[Start of section]
lemma map_pmf_changes_pmf_of_strings:
  assumes "sz > 0"
  shows "map_pmf changes (pmf_of_set (strings sz (Suc n))) = binomial_pmf n ((real sz - 1) / real sz)"
proof -
  define p where "p = (real sz - 1) / real sz"
  have p: "p \<in> {0..1}" using assms by (simp add: p_def)
  define C where "C = pmf_of_set {..<sz}"
  show ?thesis
    unfolding p_def [symmetric]
  proof (induction n)
    case 0
    have "changes s = 0" if "s \<in> strings sz 1" for s
      using that by (auto simp: strings_def length_Suc_conv)
    then have "map_pmf changes (pmf_of_set (strings sz 1)) =
                 map_pmf (\<lambda>_. 0) (pmf_of_set (strings sz 1))"
      using assms by (intro map_pmf_cong) (auto simp: finite_strings strings_nonempty)
    then show ?case using p by (simp add: binomial_pmf_0)
  next
    case (Suc n)
    define U where "U = pmf_of_set (strings sz (Suc n))"
    have "map_pmf changes (pmf_of_set (strings sz (Suc (Suc n)))) =
            C \<bind> (\<lambda>c. U \<bind> (\<lambda>s. return_pmf (changes (c # s))))"
      by (simp add: pmf_of_strings_Suc [OF assms] C_def U_def pair_pmf_def map_bind_pmf)
    also have "\<dots> = U \<bind> (\<lambda>s. C \<bind> (\<lambda>c. return_pmf (changes (c # s))))"
      by (rule bind_commute_pmf)
    also have "\<dots> = U \<bind> (\<lambda>s. bernoulli_pmf p \<bind>
                        (\<lambda>b. return_pmf ((if b then 1 else 0) + changes s)))"
    proof (rule bind_pmf_cong [OF refl])
      fix s assume "s \<in> set_pmf U"
      then have "s \<in> strings sz (Suc n)"
        using assms by (simp add: U_def finite_strings strings_nonempty)
      then have "s \<noteq> []" "hd s < sz"
        by (auto simp: strings_def length_Suc_conv)
      then have "C \<bind> (\<lambda>c. return_pmf (changes (c # s))) =
                 map_pmf (\<lambda>c. c \<noteq> hd s) C \<bind>
                   (\<lambda>b. return_pmf ((if b then 1 else 0) + changes s))"
        by (simp add: bind_map_pmf changes_Cons add.commute)
      then show "C \<bind> (\<lambda>c. return_pmf (changes (c # s))) =
                 bernoulli_pmf p \<bind> (\<lambda>b. return_pmf ((if b then 1 else 0) + changes s))"
        using map_pmf_neq_uniform [of "hd s" sz] \<open>hd s < sz\<close> by (simp add: C_def p_def)
    qed
    also have "\<dots> = bernoulli_pmf p \<bind>
                        (\<lambda>b. map_pmf changes U \<bind> (\<lambda>k. return_pmf ((if b then 1 else 0) + k)))"
      by (simp add: bind_commute_pmf [of U] bind_map_pmf)
    also have "\<dots> = binomial_pmf (Suc n) p"
      using Suc.IH p by (simp add: U_def binomial_pmf_Suc)
    finally show ?case .
  qed
qed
[End of section]
Your reply should hold every line from the data that contains "else", copied in full.

- **Task output**:
                        (\<lambda>b. return_pmf ((if b then 1 else 0) + changes s)))"
                   (\<lambda>b. return_pmf ((if b then 1 else 0) + changes s))"
                 bernoulli_pmf p \<bind> (\<lambda>b. return_pmf ((if b then 1 else 0) + changes s))"
                        (\<lambda>b. map_pmf changes U \<bind> (\<lambda>k. return_pmf ((if b then 1 else 0) + k)))"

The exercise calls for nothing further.